The development of solid oxide fuel cells in Japan is mainly promoted by NEDO (New Energy and Industrial Technology Development Organization Japan). The goal is that by 2024, the power generation efficiency of solid oxide fuel cell will exceed 65% (low heat), and the service life will reach 130,000 h. The main project is the development and industrial verification of key technologies of the solid oxide fuel cell system. The main R&D institutions include Aisin Seiki, Osaka Gas, Kyocera and Toyota Motor.

Europe

The development direction of European solid oxide fuel cell is mainly based on SOEC electrolysis, and renewable electricity is used to produce hydrogen through SOEC. The representative company is Sunfire in Germany, which has built a SOEC water electrolysis hydrogen production equipment with a total power of 2.6MW, which is the world’s largest electrolysis water hydrogen production equipment.

The solid oxide fuel cell in Europe mainly supports the domestic fuel cell CHP (Combined Heat and Power) project mainly based on solid oxide fuel cell, and Europe mainly conducts research and development of flat solid oxide fuel cell battery stack and power generation system. At present, Germany has released more than 50,000 sets of Micro-CHP, and provides subsidies of 7050-28200 euros for the installation of the device according to the size of the output power. It is the country with the most Micro-CHP in Europe.

Korea

At present, South Korea’s solid oxide fuel cell is mainly used in the public utility field. The mainstream technologies on the market come from two companies, Ceres Power of the United Kingdom and Bloom Energy of the United States, and are introduced and promoted by Doosan and SK E&C respectively.

South Korea has become a global leader in the use of fuel cells for utility-scale power generation, with deployments of 370.7MW, 464MW, and 605MW in 2019, 2020, and 2021, respectively. According to the power supply demand plan issued by the Ministry of Trade, Industry and Energy (MOTIE), it is expected that the deployment of fuel cells in South Korea will further expand to 800MW by 2022.

China

Since China’s solid oxide fuel cell technology and industry have been blockaded to China, China can only take the route of independent development. China’s fuel cell research institutions are mainly universities and research institutes. In recent years, large enterprises such as one of the top 10 fuel cell manufacturers in China WEICHAI, CGN, and Jinneng have joined the solid oxide fuel cell research and development array to accelerate the pace of commercialization. As of the end of 2020, there were 8,187 solid oxide fuel cell-related patent applications, and China ranked first with 5,100.

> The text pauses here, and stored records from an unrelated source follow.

lemma integral_inverse_affine_abs_diverges:
  fixes a b u0 K :: real
  assumes "a < b" "u0 \<in> {a..b}" "K > 0"
  shows "filterlim (\<lambda>e. integral {a..b} (\<lambda>u. 1 / (e + K * \<bar>u - u0\<bar>))) at_top (at_right 0)"
proof -
  define h where "h = (b - a) / 2"
  have h: "h > 0"
    using assms by (simp add: h_def)
  have lower: "(ln (K * h) - ln e) / K \<le> integral {a..b} (\<lambda>u. 1 / (e + K * \<bar>u - u0\<bar>))"
    if e: "e > 0" for e
  proof -
    let ?f = "\<lambda>u. 1 / (e + K * \<bar>u - u0\<bar>)"
    obtain J where J: "J \<subseteq> {a..b}" and int_J: "(?f has_integral (ln (e + K * h) - ln e) / K) J"
    proof (cases "u0 \<le> a + h")
      case True
      show ?thesis
      proof (rule that)
        show "{u0..u0 + h} \<subseteq> {a..b}"
          using True assms by (auto simp: h_def field_simps)
      qed (rule has_integral_inverse_affine_abs_right[OF e \<open>K > 0\<close> less_imp_le[OF h]])
    next
      case False
      show ?thesis
      proof (rule that)
        show "{u0 - h..u0} \<subseteq> {a..b}"
          using False assms by (auto simp: h_def field_simps)
      qed (rule has_integral_inverse_affine_abs_left[OF e \<open>K > 0\<close> less_imp_le[OF h]])
    qed
    have "continuous_on {a..b} ?f"
      using e \<open>K > 0\<close> by (intro continuous_intros) (auto simp: add_pos_nonneg less_imp_neq[symmetric])
    have "(ln (K * h) - ln e) / K \<le> (ln (e + K * h) - ln e) / K"
      using e h \<open>K > 0\<close> by (intro divide_right_mono) (auto simp: add_pos_pos)
    also have "\<dots> = integral J ?f"
      using int_J by (simp add: integral_unique)
    also have "\<dots> \<le> integral {a..b} ?f"
      using int_J e \<open>K > 0\<close> \<open>continuous_on {a..b} ?f\<close>
      by (intro integral_subset_le[OF J]) (auto intro: integrable_continuous_real add_pos_nonneg less_imp_le)
    finally show ?thesis .
  qed
  have "filterlim (\<lambda>e. (ln (K * h) - ln e) / K) at_top (at_right 0)"
  proof -
    have "filterlim (\<lambda>e. (ln (K * h) + - ln e) * (1 / K)) at_top (at_right 0)"
      using \<open>K > 0\<close>
      by (intro filterlim_at_top_mult_tendsto_pos[OF tendsto_const] filterlim_tendsto_add_at_top[OF tendsto_const]
          filterlim_compose[OF filterlim_uminus_at_top_at_bot ln_at_0]) auto
    then show ?thesis
      by simp
  qed
  then show ?thesis
    by (rule filterlim_at_top_mono) (auto intro: eventually_mono[OF eventually_at_right_less] lower)
qed

lemma continuous_on_inverse_shift:
  fixes g :: "real \<Rightarrow> real"
  assumes "continuous_on S g" "\<forall>u\<in>S. 0 < g u + \<gamma>"
  shows "continuous_on S (\<lambda>u. 1 / (g u + \<gamma>))"
  using assms by (intro continuous_intros) (auto simp: less_imp_neq[symmetric])

lemma continuous_on_integral_inverse_shift:
  fixes g :: "real \<Rightarrow> real"
  assumes g: "continuous_on {a..b} g" and lower: "\<forall>u\<in>{a..b}. m \<le> g u"
  shows "continuous_on {-m<..} (\<lambda>\<gamma>. integral {a..b} (\<lambda>u. 1 / (g u + \<gamma>)))"
proof -
  have "continuous_on ({-m<..} \<times> {a..b}) (\<lambda>(\<gamma>, u). 1 / (g u + \<gamma>))"
    using lower by (auto intro!: continuous_intros continuous_on_compose2[OF g] simp: split_beta)
  then show ?thesis
    using integral_continuous_on_param[where f="\<lambda>\<gamma> u. 1 / (g u + \<gamma>)" and a=a and b=b] by simp
qed

lemma strict_antimono_on_integral_inverse_shift:
  fixes g :: "real \<Rightarrow> real"
  assumes g: "continuous_on {a..b} g" and "a < b" and lower: "\<forall>u\<in>{a..b}. m \<le> g u"
  shows "strict_antimono_on {-m<..} (\<lambda>\<gamma>. integral {a..b} (\<lambda>u. 1 / (g u + \<gamma>)))"
proof (rule monotone_onI)
  fix \<gamma> \<gamma>' assume "\<gamma> \<in> {-m<..}" "\<gamma>' \<in> {-m<..}" "\<gamma> < \<gamma>'"
  then have pos: "0 < g u + \<gamma>" "0 < g u + \<gamma>'" if "u \<in> {a..b}" for u
    using lower that by force+
  show "integral {a..b} (\<lambda>u. 1 / (g u + \<gamma>')) < integral {a..b} (\<lambda>u. 1 / (g u + \<gamma>))"
  proof (rule integral_less_real)
    show "continuous_on {a..b} (\<lambda>u. 1 / (g u + \<gamma>'))" "continuous_on {a..b} (\<lambda>u. 1 / (g u + \<gamma>))"
      using pos by (auto intro: continuous_on_inverse_shift[OF g])
    show "1 / (g u + \<gamma>') < 1 / (g u + \<gamma>)" if "u \<in> {a<..<b}" for u
      using pos[of u] that \<open>\<gamma> < \<gamma>'\<close> by (simp add: divide_strict_left_mono)
  qed (use \<open>a < b\<close> in simp)
qed

lemma integral_inverse_shift_tendsto_0:
  fixes g :: "real \<Rightarrow> real"
  assumes g: "continuous_on {a..b} g" and "a \<le> b" and lower: "\<forall>u\<in>{a..b}. m \<le> g u"
  shows "((\<lambda>\<gamma>. integral {a..b} (\<lambda>u. 1 / (g u + \<gamma>))) \<longlongrightarrow> 0) at_top"
proof (rule tendsto_sandwich)
  have bounds: "0 \<le> integral {a..b} (\<lambda>u. 1 / (g u + \<gamma>)) \<and>
      integral {a..b} (\<lambda>u. 1 / (g u + \<gamma>)) \<le> (b - a) / (\<gamma> + m)" if "\<gamma> > -m" for \<gamma>
  proof -
    have pos: "\<forall>u\<in>{a..b}. 0 < g u + \<gamma>"
      using lower that by force
    then have int: "(\<lambda>u. 1 / (g u + \<gamma>)) integrable_on {a..b}"
      by (intro integrable_continuous_real continuous_on_inverse_shift[OF g])
    have "integral {a..b} (\<lambda>u. 1 / (g u + \<gamma>)) \<le> integral {a..b} (\<lambda>u. 1 / (\<gamma> + m))"
      using pos lower that by (intro integral_le int) (auto intro!: divide_left_mono)
    then show ?thesis
      using pos \<open>a \<le> b\<close> by (auto intro!: integral_nonneg int simp: less_imp_le)
  qed
  have "\<forall>\<^sub>F \<gamma> in at_top. 0 \<le> integral {a..b} (\<lambda>u. 1 / (g u + \<gamma>)) \<and>
      integral {a..b} (\<lambda>u. 1 / (g u + \<gamma>)) \<le> (b - a) / (\<gamma> + m)"
    using eventually_gt_at_top by (rule eventually_mono) (rule bounds)
  then show "\<forall>\<^sub>F \<gamma> in at_top. 0 \<le> integral {a..b} (\<lambda>u. 1 / (g u + \<gamma>))"
    and "\<forall>\<^sub>F \<gamma> in at_top. integral {a..b} (\<lambda>u. 1 / (g u + \<gamma>)) \<le> (b - a) / (\<gamma> + m)"
    by (auto elim: eventually_mono)
  show "((\<lambda>\<gamma>. (b - a) / (\<gamma> + m)) \<longlongrightarrow> 0) at_top"
    by real_asymp
qed (rule tendsto_const)
(* $\chi_{alg}(K_j)=j$ for $j=2,3,4$.
   Context: Graphs are finite, loopless, with symmetric edge sets; $K_c$ is the complete graph on $c$ vertices. For finite sets with $|I|=n$, $|O|=m$ ($O=\{0,\dots,m-1\}$), let $\mathbb F(n,m)$ be the free product of $n$ copies of the cyclic group of order $m$ with generators $u_v$, $\mathbb C[\mathbb F(n,m)]$ its group $*$-algebra, $\omega=e^{2\pi i/m}$ and $e_{v,a}=\frac1m\sum_{k=0}^{m-1}(\omega^{-a}u_v)^k$. For graphs $G,H$, the graph homomorphism game has $I=V(G)$, $O=V(H)$, $\lambda(v,w,a,b)=0$ iff ($v=w$ and $a\ne b$) or ($(v,w)\in E(G)$ and $(a,b)\notin E(H)$). $\mathcal I(G,H)$ is the two-sided $*$-ideal generated by $\{e_{v,a}e_{w,b}:\lambda(v,w,a,b)=0\}$, $\mathcal A(G,H)=\mathbb C[\mathbb F(n,m)]/\mathcal I(G,H)$, and $\chi_{alg}(G)=\min\{c:\mathcal A(G,K_c)\neq0\}$. *)

theory Defs
  imports Complex_Main "HOL-Library.Poly_Mapping"
begin

(* Words in the generators u_v (v a vertex index); the free monoid on nat. *)
datatype word = Word "nat list"

instantiation word :: monoid_add
begin
fun plus_word :: "word \<Rightarrow> word \<Rightarrow> word" where
  "plus_word (Word xs) (Word ys) = Word (xs @ ys)"
definition zero_word :: word where "zero_word = Word []"
instance
proof
  fix a b c :: word
  show "a + b + c = a + (b + c)" by (cases a; cases b; cases c) auto
  show "0 + a = a" by (cases a) (auto simp: zero_word_def)
  show "a + 0 = a" by (cases a) (auto simp: zero_word_def)
qed
end

(* The free unital associative complex algebra on generators x_0, x_1, ... *)
type_synonym falg = "word \<Rightarrow>\<^sub>0 complex"

definition gen_pow :: "nat \<Rightarrow> nat \<Rightarrow> falg" where
  "gen_pow v k = Poly_Mapping.single (Word (replicate k v)) 1"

The solid oxide fuel cell industry chain mainly includes single cells and upstream materials, stacks and auxiliary equipment (BOP), system integration and application parts. At the battery level, several units in China have mastered the large-area single-cell mass production technology, and the durability can reach tens of thousands of hours, Chaozhou Three-Circle is particularly outstanding. In terms of battery stacks, Chinese companies are still relatively extensive in terms of battery structure design and single-cell assembly.

The battery seal and the bonding strength of the connector still have problems such as instability in the long-term operation of the battery, which largely affects the service life of the solid oxide fuel cell system. For example, the current level in China is about thousands of hours to 10,000 hours, but the expectation of commercialization of solid oxide fuel cell systems is more than 10 years.

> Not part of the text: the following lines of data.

lemma upart_linearization_error_le:
  assumes i: "i < n" "a < N i" and r0: "0 \<le> r" and d0: "0 \<le> d"
    and box: "\<forall>v\<in>I. \<bar>p v\<bar> \<le> 2 \<and> \<bar>q v\<bar> \<le> 2 \<and> \<bar>p0 v\<bar> \<le> 2 \<and>
      \<bar>p v - p0 v\<bar> \<le> r \<and> \<bar>q v - p0 v\<bar> \<le> r \<and> \<bar>p v - q v\<bar> \<le> d"
  shows "\<bar>upart n S w i a p - upart n S w i a q - (\<Sum>v\<in>I. (p v - q v) * upart_deriv n S w i a p0 v)\<bar>
     \<le> utility_norm n N w * (2 * real n ^ 2 * 2 ^ n * r * d)"
proof -
  let ?J = "{..<n} - {i}"
  have eq: "upart n S w i a p - upart n S w i a q - (\<Sum>v\<in>I. (p v - q v) * upart_deriv n S w i a p0 v)
     = (\<Sum>b\<in>fixed_profiles n S i a. w i b * (mono_prod ?J b p - mono_prod ?J b q -
          (\<Sum>j\<in>?J. (p (j, b j) - q (j, b j)) * (\<Prod>k\<in>?J - {j}. p0 (k, b k)))))"
    unfolding upart_eq_sum_mono_prod sum_upart_deriv sum_subtractf[symmetric]
    by (rule sum.cong) (simp_all add: right_diff_distrib)
  show ?thesis unfolding eq
  proof (rule abs_sum_fixed_profiles_le[OF i])
    fix b assume b: "b \<in> fixed_profiles n S i a"
    have "\<forall>j\<in>?J. (j, b j) \<in> I" using fixed_profiles_var_idx[OF b] by blast
    then have "\<bar>mono_prod ?J b p - mono_prod ?J b q - (\<Sum>j\<in>?J. (p (j, b j) - q (j, b j)) * (\<Prod>k\<in>?J - {j}. p0 (k, b k)))\<bar>
       \<le> 2 * real (card ?J)^2 * 2 ^ card ?J * r * d"
      unfolding mono_prod_def using box
      by (intro prod_linearization_error_le[where a="\<lambda>j. p (j, b j)" and b="\<lambda>j. q (j, b j)"
            and c="\<lambda>j. p0 (j, b j)", simplified]) auto
    also have "\<dots> \<le> 2 * real n ^ 2 * 2 ^ n * r * d"
      using card_others_le[of i] r0 d0
      by (intro mult_right_mono mult_left_mono mult_mono power_mono power_increasing) auto
    finally show "\<bar>mono_prod ?J b p - mono_prod ?J b q
        - (\<Sum>j\<in>?J. (p (j, b j) - q (j, b j)) * (\<Prod>k\<in>?J - {j}. p0 (k, b k)))\<bar>
      \<le> 2 * real n ^ 2 * 2 ^ n * r * d" .
  qed (use r0 d0 in simp)
qed

lemma upart_lipschitz:
  assumes i: "i < n" "a < N i" and d0: "0 \<le> d"
    and box: "\<forall>v\<in>I. \<bar>p v\<bar> \<le> 2 \<and> \<bar>q v\<bar> \<le> 2 \<and> \<bar>p v - q v\<bar> \<le> d"
  shows "\<bar>upart n S w i a p - upart n S w i a q\<bar> \<le> utility_norm n N w * (real n * 2 ^ n * d)"
proof -
  let ?J = "{..<n} - {i}"
  have eq: "upart n S w i a p - upart n S w i a q
      = (\<Sum>b\<in>fixed_profiles n S i a. w i b * (mono_prod ?J b p - mono_prod ?J b q))"
    unfolding upart_eq_sum_mono_prod by (simp add: sum_subtractf algebra_simps)
  show ?thesis unfolding eq
  proof (rule abs_sum_fixed_profiles_le[OF i])
    fix b assume b: "b \<in> fixed_profiles n S i a"
    have "\<forall>j\<in>?J. (j, b j) \<in> I" using fixed_profiles_var_idx[OF b] by blast
    then have "\<bar>mono_prod ?J b p - mono_prod ?J b q\<bar> \<le> real (card ?J) * 2 ^ card ?J * d"
      unfolding mono_prod_def using box
      by (intro prod_diff_abs_le[where a="\<lambda>j. p (j, b j)" and b="\<lambda>j. q (j, b j)", simplified]) auto
    also have "\<dots> \<le> real n * 2 ^ n * d"
      using card_others_le[of i] d0 by (intro mult_right_mono mult_mono power_increasing) auto
    finally show "\<bar>mono_prod ?J b p - mono_prod ?J b q\<bar> \<le> real n * 2 ^ n * d" .
  qed (use d0 in simp)
qed

lemma upart_abs_le:
  assumes i: "i < n" "a < N i" and box: "\<forall>v\<in>I. \<bar>p v\<bar> \<le> 2"
  shows "\<bar>upart n S w i a p\<bar> \<le> utility_norm n N w * 2 ^ n"
  unfolding upart_eq_sum_mono_prod
proof (rule abs_sum_fixed_profiles_le[OF i])
  fix b assume b: "b \<in> fixed_profiles n S i a"
  have "\<forall>j\<in>{..<n} - {i}. (j, b j) \<in> I" using fixed_profiles_var_idx[OF b] by blast
  then have "\<bar>mono_prod ({..<n} - {i}) b p\<bar> \<le> 2 ^ card ({..<n} - {i})"
    unfolding mono_prod_def using box by (intro prod_abs_le_power) auto
  also have "\<dots> \<le> 2 ^ n" using card_others_le by (intro power_increasing) auto
  finally show "\<bar>mono_prod ({..<n} - {i}) b p\<bar> \<le> 2 ^ n" .
qed simp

On the stack auxiliary system (BOP), including pre-reformer, heater, compressor, voltage regulator, inverter, heat exchanger, etc., At present, there is no professional production company in China, the main reasons are: the solid oxide fuel cell market has not yet started, the enthusiasm of setting foot in enterprises is not high, and there are not many enterprises participating in the development and industrialization of solid oxide fuel cell;

There is a lack of corresponding supporting policies, and the subsidy is less than that of countries such as Europe and the United States. In addition to the supporting parts (BOP) industry chain issues, there are also system efficiency optimization issues, high-power system construction issues, and battery life issues.